Patients with Lamivudine-Resistant Chronic Hepatitis B
Study 121 was a randomized, double-blind, active-controlled trial evaluating the safety and efficacy of Viread compared to an unapproved antiviral regimen in subjects with chronic hepatitis B, persistent viremia (HBV DNA ≥1,000 IU/mL), and genotypic evidence of lamivudine resistance (rtM204I/V +/- rtL180M). One hundred forty-one adult subjects were randomized to the Viread treatment arm. The mean age of subjects randomized to Viread was 47 years (range 18−73); 74% were male, 59% were Caucasian, and 37% were Asian. At baseline, 54% of subjects were HBeAg-negative, 46% were HBeAg-positive, and 56% had abnormal ALT. Subjects had a mean HBV DNA of 6.4 log10 copies/mL and mean serum ALT of 71 U/L at baseline.

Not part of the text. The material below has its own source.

(* For every $\alpha\in(0,1)$, every randomized online algorithm for non-clairvoyant dynamic bin packing that makes at most $\alpha n$ migrations in expectation on every instance with $n$ items has competitive ratio at least $\frac14\left\lfloor \frac{1}{4\alpha}\right\rfloor$ with respect to the total active time objective.
   Context: Dynamic bin packing: bins have capacity $1$. Items $i=1,\dots,n$ arrive online at times $a_i\ge0$ with size $s_i\in[0,1]$ and duration $d_i>0$; item $i$ is present during $[a_i,a_i+d_i)$. Non-clairvoyant: at arrival only the size is revealed, not the duration. On arrival the item must be placed into an open bin with enough remaining capacity, or into a newly opened bin. A migration moves an already placed item to another bin; migrations are counted by number of moves. A bin is open while it contains an item. The cost (total active time) of an algorithm on instance $I$ is $\int_0^\infty (\text{number of open bins at time } t)\,dt$. $\mathrm{OPT}(I)=\int_0^\infty \mathrm{OPT}_t\,dt$, where $\mathrm{OPT}_t$ is the minimum number of unit bins needed to pack the items present at time $t$ (the optimal offline policy that knows the instance and may repack arbitrarily at any time). A randomized algorithm has competitive ratio at least $\gamma$ if for every $\beta<\gamma$ there is an instance $I$ with $\mathbb{E}[\mathrm{cost}(I)] > \beta\,\mathrm{OPT}(I)$. *)

theory Defs
  imports "HOL-Probability.Probability"
begin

After 96 weeks of treatment, 126 of 141 subjects (89%) randomized to Viread had HBV DNA <400 copies/mL (69 IU/mL), and 49 of 79 subjects (62%) with abnormal ALT at baseline had ALT normalization. Among the HBeAg-positive subjects randomized to Viread, 10 of 65 subjects (15%) experienced HBeAg loss and 7 of 65 subjects (11%) experienced anti-HBe seroconversion through Week 96. The proportion of subjects with HBV DNA concentrations below 400 copies/mL (69 IU/mL) at Week 96 was similar between the Viread monotherapy and the comparator arms.
Across the combined chronic hepatitis B treatment trials, the number of subjects with adefovir-resistance associated substitutions at baseline was too small to establish efficacy in this subgroup.

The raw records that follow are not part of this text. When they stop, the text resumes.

(* Let $N \geq 5$ be an odd integer and $\kappa$ a real number. Let $a>0$ and $b$ be real numbers such that the data set $(X_1,\dots,X_N)$ consisting of $X_1 = a$, of $\tfrac{N-1}{2}$ points equal to $b - \tfrac{a}{N-1}$, and of $\tfrac{N-1}{2}$ points equal to $-b - \tfrac{a}{N-1}$ satisfies $\mathbb{E}(X)=0$, $\mathbb{E}(X^2)=1$ and $\mathbb{E}(X^4)=\kappa$. Then $$\mathbb{E}(X^3) = \frac{-3}{N-1}\, a + \frac{N+1}{(N-1)^2}\, a^3 .$$ Furthermore, when $a = a(N,\kappa) = \sqrt{ \frac{N-1}{N+1} + \sqrt{ ( \frac{N-1}{N+1} )^2 - G(N,\kappa)}}$ with $G(N,\kappa) = \frac{N(N-1)^2 - (N-1)^3 \kappa}{(N+1)(N-3)}$ and $\kappa>1$ fixed, one has $\mathbb{E}(X^3) \sim -3 (\kappa - 1)^{1/4} N^{-3/4} + (\kappa - 1)^{3/4} N^{-1/4}$ as $N \to \infty$.
   Context: For a finite data set $(X_1,\dots,X_N)$ and a function $f$, $\mathbb{E}(f(X))$ denotes the empirical mean $\frac1N\sum_{i=1}^N f(X_i)$. *)

theory Defs
  imports "HOL-Library.Landau_Symbols"
begin

definition emp_mean :: "(real \<Rightarrow> real) \<Rightarrow> real list \<Rightarrow> real" where
  "emp_mean f xs = (\<Sum>x\<leftarrow>xs. f x) / real (length xs)"

definition data_set :: "nat \<Rightarrow> real \<Rightarrow> real \<Rightarrow> real list" where
  "data_set N a b =
     a # replicate ((N - 1) div 2) (b - a / real (N - 1))
       @ replicate ((N - 1) div 2) (- b - a / real (N - 1))"

definition G_fun :: "nat \<Rightarrow> real \<Rightarrow> real" where
  "G_fun N \<kappa> = (real N * (real N - 1)^2 - (real N - 1)^3 * \<kappa>)
                 / ((real N + 1) * (real N - 3))"

definition a_fun :: "nat \<Rightarrow> real \<Rightarrow> real" where
  "a_fun N \<kappa> = sqrt ((real N - 1) / (real N + 1)
        + sqrt (((real N - 1) / (real N + 1))^2 - G_fun N \<kappa>))"

end

theory Submission
  imports Defs "HOL-Real_Asymp.Real_Asymp"
begin

text \<open>Writing \<open>N = 2m + 1\<close> and \<open>c = a / (2m)\<close>, the data set is automatically centred, and the
  second moment \<open>a\<^sup>2 + 2m (b\<^sup>2 + c\<^sup>2) = N\<close> determines \<open>b\<^sup>2\<close>; the third moment
  \<open>a\<^sup>3 - 6 m c b\<^sup>2 - 2 m c\<^sup>3\<close> is even in \<open>b\<close>, so substituting \<open>b\<^sup>2\<close> gives the closed form.

  For the asymptotics put \<open>\<kappa> = 1 + q\<close>: the numerator of \<open>G(N, \<kappa>)\<close> is \<open>(N - 1)\<^sup>2 - q (N - 1)\<^sup>3\<close>,
  so \<open>G \<sim> -q N\<close> and \<open>a(N, \<kappa>)\<^sup>4 \<sim> q N\<close>. In the closed form the cubic term is then
  \<open>\<sim> q\<^bsup>3/4\<^esup> N\<^bsup>-1/4\<^esup>\<close>, while the linear term is \<open>O(N\<^bsup>-3/4\<^esup>)\<close>; the same holds for the claimed
  asymptotic expression, so both are equivalent to \<open>q\<^bsup>3/4\<^esup> N\<^bsup>-1/4\<^esup>\<close>.\<close>

lemma sum_list_data_set:
  fixes f :: "real \<Rightarrow> real"
  shows "(\<Sum>x\<leftarrow>data_set N a b. f x)
           = f a + real ((N - 1) div 2) * (f (b - a / real (N - 1)) + f (- b - a / real (N - 1)))"
  by (simp add: data_set_def sum_list_replicate algebra_simps)

lemma length_data_set: "odd N \<Longrightarrow> length (data_set N a b) = N"
  by (elim oddE) (simp add: data_set_def)

lemma emp_mean_cube_data_set:
  assumes "odd N" "N > 1" and second_moment: "emp_mean (\<lambda>x. x^2) (data_set N a b) = 1"
  shows "emp_mean (\<lambda>x. x^3) (data_set N a b)
           = (-3) / (real N - 1) * a + (real N + 1) / (real N - 1)^2 * a^3"
proof -
  obtain m where N: "N = 2 * m + 1" and m_pos: "real m > 0"
    using assms(1,2) by (elim oddE) auto
  define c where "c = a / (2 * real m)"
  have mean: "emp_mean f (data_set N a b) = (f a + m * (f (b - c) + f (- b - c))) / (2 * real m + 1)"
    for f :: "real \<Rightarrow> real"
    unfolding emp_mean_def length_data_set [OF \<open>odd N\<close>] by (simp add: sum_list_data_set N c_def)
  have b_sq: "2 * real m * b^2 = 2 * real m + 1 - a^2 - 2 * real m * c^2"
    using second_moment by (simp add: mean field_simps power2_eq_square)
  have eliminated: "a^3 - 3 * c * (2 * real m + 1 - a^2 - 2 * real m * c^2) - 2 * real m * c^3
      = (2 * real m + 1) * ((-3) / (2 * real m) * a + (2 * real m + 2) / (2 * real m)^2 * a^3)"
    using m_pos by (simp add: c_def field_simps power2_eq_square power3_eq_cube)
  have "emp_mean (\<lambda>x. x^3) (data_set N a b)
      = (a^3 - 3 * c * (2 * real m * b^2) - 2 * real m * c^3) / (2 * real m + 1)"
    by (simp add: mean power2_eq_square power3_eq_cube algebra_simps)
  also have "\<dots>
      = (a^3 - 3 * c * (2 * real m + 1 - a^2 - 2 * real m * c^2) - 2 * real m * c^3) / (2 * real m + 1)"
    by (simp only: b_sq)
  also have "\<dots> = (-3) / (2 * real m) * a + (2 * real m + 2) / (2 * real m)^2 * a^3"
    unfolding eliminated by (simp add: add_pos_pos m_pos)
  also have "\<dots> = (-3) / (real N - 1) * a + (real N + 1) / (real N - 1)^2 * a^3"
    by (simp add: N)
  finally show ?thesis .
qed

lemma sqrt_sqrt_eq_powr: "x \<ge> 0 \<Longrightarrow> sqrt (sqrt x) = x powr (1/4)"
  by (simp add: powr_half_sqrt [symmetric] powr_powr)

lemma a_fun_asymp_equiv:
  assumes "\<kappa> > 1"
  shows "(\<lambda>N. a_fun N \<kappa>) \<sim>[at_top] (\<lambda>N. (\<kappa> - 1) powr (1/4) * real N powr (1/4))"
proof -
  define q where "q = \<kappa> - 1"
  have "q > 0" and \<kappa>: "\<kappa> = 1 + q"
    using assms by (simp_all add: q_def)
  have "(\<lambda>N. a_fun N \<kappa>) \<sim>[at_top] (\<lambda>N. sqrt (sqrt (q * real N)))"
    unfolding a_fun_def G_fun_def \<kappa> using \<open>q > 0\<close> by real_asymp
  also have "(\<lambda>N. sqrt (sqrt (q * real N))) = (\<lambda>N. q powr (1/4) * real N powr (1/4))"
    using \<open>q > 0\<close> by (simp add: sqrt_sqrt_eq_powr powr_mult)
  finally show ?thesis
    by (simp add: q_def)
qed

lemma third_moment_formula_asymp_equiv:
  fixes a :: "nat \<Rightarrow> real"
  assumes "s > 0" and a: "a \<sim>[at_top] (\<lambda>N. s * real N powr (1/4))"
  shows "(\<lambda>N. (-3) / (real N - 1) * a N + (real N + 1) / (real N - 1)^2 * a N ^ 3)
           \<sim>[at_top] (\<lambda>N. -3 * s * real N powr (-3/4) + s^3 * real N powr (-1/4))"
proof -
  define g where "g = (\<lambda>N::nat. s^3 * real N powr (-1/4))"
  have "(\<lambda>N. (real N + 1) / (real N - 1)^2 * a N ^ 3)
          \<sim>[at_top] (\<lambda>N. 1 / real N * (s * real N powr (1/4))^3)"
    by (intro asymp_equiv_mult asymp_equiv_power a) real_asymp
  also have "(\<lambda>N. 1 / real N * (s * real N powr (1/4))^3) \<sim>[at_top] g"
    unfolding g_def using \<open>s > 0\<close> by real_asymp
  finally have cubic: "(\<lambda>N. (real N + 1) / (real N - 1)^2 * a N ^ 3) \<sim>[at_top] g" .
  have "(\<lambda>N. (-3) / (real N - 1) * a N) \<in> O(\<lambda>N. (-3) / (real N - 1) * (s * real N powr (1/4)))"
    by (intro asymp_equiv_imp_bigo asymp_equiv_mult asymp_equiv_refl a)
  also have "(\<lambda>N. (-3) / (real N - 1) * (s * real N powr (1/4))) \<in> o(g)"
    unfolding g_def using \<open>s > 0\<close> by real_asymp
  finally have linear: "(\<lambda>N. (-3) / (real N - 1) * a N) \<in> o(g)" .
  have lower_order: "(\<lambda>N. -3 * s * real N powr (-3/4)) \<in> o(g)"
    unfolding g_def using \<open>s > 0\<close> by real_asymp
  have lhs: "(\<lambda>N. (-3) / (real N - 1) * a N + (real N + 1) / (real N - 1)^2 * a N ^ 3) \<sim>[at_top] g"
    using cubic by (subst asymp_equiv_add_left [OF linear])
  have rhs: "(\<lambda>N. -3 * s * real N powr (-3/4) + s^3 * real N powr (-1/4)) \<sim>[at_top] g"
    by (subst asymp_equiv_add_left [OF lower_order]) (simp add: g_def)
  show ?thesis
    using asymp_equiv_trans [OF lhs asymp_equiv_symI [OF rhs]] .
qed

lemma emp_mean_cube_data_set_a_fun_asymp_equiv:
  fixes b :: "nat \<Rightarrow> real"
  assumes "\<kappa> > 1"
    and second_moment: "\<forall>\<^sub>F k in at_top.
      emp_mean (\<lambda>x. x^2) (data_set (2*k+1) (a_fun (2*k+1) \<kappa>) (b (2*k+1))) = 1"
  shows "(\<lambda>k. emp_mean (\<lambda>x. x^3) (data_set (2*k+1) (a_fun (2*k+1) \<kappa>) (b (2*k+1))))
           \<sim>[at_top] (\<lambda>k. -3 * (\<kappa> - 1) powr (1/4) * real (2*k+1) powr (-3/4)
                          + (\<kappa> - 1) powr (3/4) * real (2*k+1) powr (-1/4))"
proof -
  define s where "s = (\<kappa> - 1) powr (1/4)"
  have "s > 0"
    using assms(1) by (simp add: s_def)
  have s_cube: "s^3 = (\<kappa> - 1) powr (3/4)"
    unfolding s_def using assms(1) by (subst powr_power) auto
  have "(\<lambda>N. (-3) / (real N - 1) * a_fun N \<kappa> + (real N + 1) / (real N - 1)^2 * a_fun N \<kappa> ^ 3)
          \<sim>[at_top] (\<lambda>N. -3 * s * real N powr (-3/4) + s^3 * real N powr (-1/4))"
    using third_moment_formula_asymp_equiv [OF \<open>s > 0\<close> a_fun_asymp_equiv [OF assms(1), folded s_def]] .
  then have "(\<lambda>k. (-3) / (real (2*k+1) - 1) * a_fun (2*k+1) \<kappa>
                  + (real (2*k+1) + 1) / (real (2*k+1) - 1)^2 * a_fun (2*k+1) \<kappa> ^ 3)
          \<sim>[at_top] (\<lambda>k. -3 * s * real (2*k+1) powr (-3/4) + s^3 * real (2*k+1) powr (-1/4))"
    by (rule asymp_equiv_compose' [OF _ filterlim_subseq]) (simp add: strict_mono_def)
  moreover have "\<forall>\<^sub>F k in at_top. (-3) / (real (2*k+1) - 1) * a_fun (2*k+1) \<kappa>
                  + (real (2*k+1) + 1) / (real (2*k+1) - 1)^2 * a_fun (2*k+1) \<kappa> ^ 3
      = emp_mean (\<lambda>x. x^3) (data_set (2*k+1) (a_fun (2*k+1) \<kappa>) (b (2*k+1)))"
    using second_moment eventually_gt_at_top [of 0]
    by eventually_elim (simp add: emp_mean_cube_data_set)
  ultimately show ?thesis
    unfolding s_cube unfolding s_def by (rule asymp_equiv_transfer) simp
qed

theorem proposition2:
  shows "(\<forall>(N::nat) (\<kappa>::real) (a::real) (b::real).
            odd N \<and> N \<ge> 5 \<and> a > 0
            \<and> emp_mean (\<lambda>x. x) (data_set N a b) = 0
            \<and> emp_mean (\<lambda>x. x^2) (data_set N a b) = 1
            \<and> emp_mean (\<lambda>x. x^4) (data_set N a b) = \<kappa>
          \<longrightarrow> emp_mean (\<lambda>x. x^3) (data_set N a b)
                = (-3) / (real N - 1) * a + (real N + 1) / (real N - 1)^2 * a^3)
       \<and> (\<forall>(\<kappa>::real) (b::nat \<Rightarrow> real).
            \<kappa> > 1
            \<and> (\<forall>\<^sub>F k in at_top.
                 emp_mean (\<lambda>x. x) (data_set (2*k+1) (a_fun (2*k+1) \<kappa>) (b (2*k+1))) = 0
               \<and> emp_mean (\<lambda>x. x^2) (data_set (2*k+1) (a_fun (2*k+1) \<kappa>) (b (2*k+1))) = 1
               \<and> emp_mean (\<lambda>x. x^4) (data_set (2*k+1) (a_fun (2*k+1) \<kappa>) (b (2*k+1))) = \<kappa>)
          \<longrightarrow> (\<lambda>k::nat. emp_mean (\<lambda>x. x^3)
                          (data_set (2*k+1) (a_fun (2*k+1) \<kappa>) (b (2*k+1))))
              \<sim>[at_top]
              (\<lambda>k::nat. -3 * (\<kappa> - 1) powr (1/4) * real (2*k+1) powr (-3/4)
                        + (\<kappa> - 1) powr (3/4) * real (2*k+1) powr (-1/4)))"
  by (intro conjI allI impI; elim conjE; (rule emp_mean_cube_data_set_a_fun_asymp_equiv)?)
    (auto simp: emp_mean_cube_data_set elim: eventually_mono)

end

Patients with Chronic Hepatitis B and Decompensated Liver Disease
Viread was studied in a small randomized, double-blind, active-controlled trial evaluating the safety of Viread compared to other antiviral drugs in subjects with chronic hepatitis B and decompensated liver disease through 48 weeks (Study 0108).
Forty-five adult subjects (37 males and 8 females) were randomized to the Viread treatment arm. At baseline, 69% subjects were HBeAg-negative and 31% were HBeAg-positive. Subjects had a mean Child-Pugh score of 7, a mean MELD score of 12, mean HBV DNA of 5.8 log10 copies/mL, and mean serum ALT of 61 U/L at baseline. Trial endpoints were discontinuation due to an adverse event and confirmed increase in serum creatinine ≥0.5 mg/dL or confirmed serum phosphorus of <2 mg/dL [See Adverse Reactions (6.1)].
At 48 weeks, 31/44 (70%) and 12/26 (46%) Viread-treated subjects achieved an HBV DNA <400 copies/mL (69 IU/mL), and normalized ALT, respectively. The trial was not designed to evaluate treatment impact on clinical endpoints such as progression of liver disease, need for liver transplantation, or death.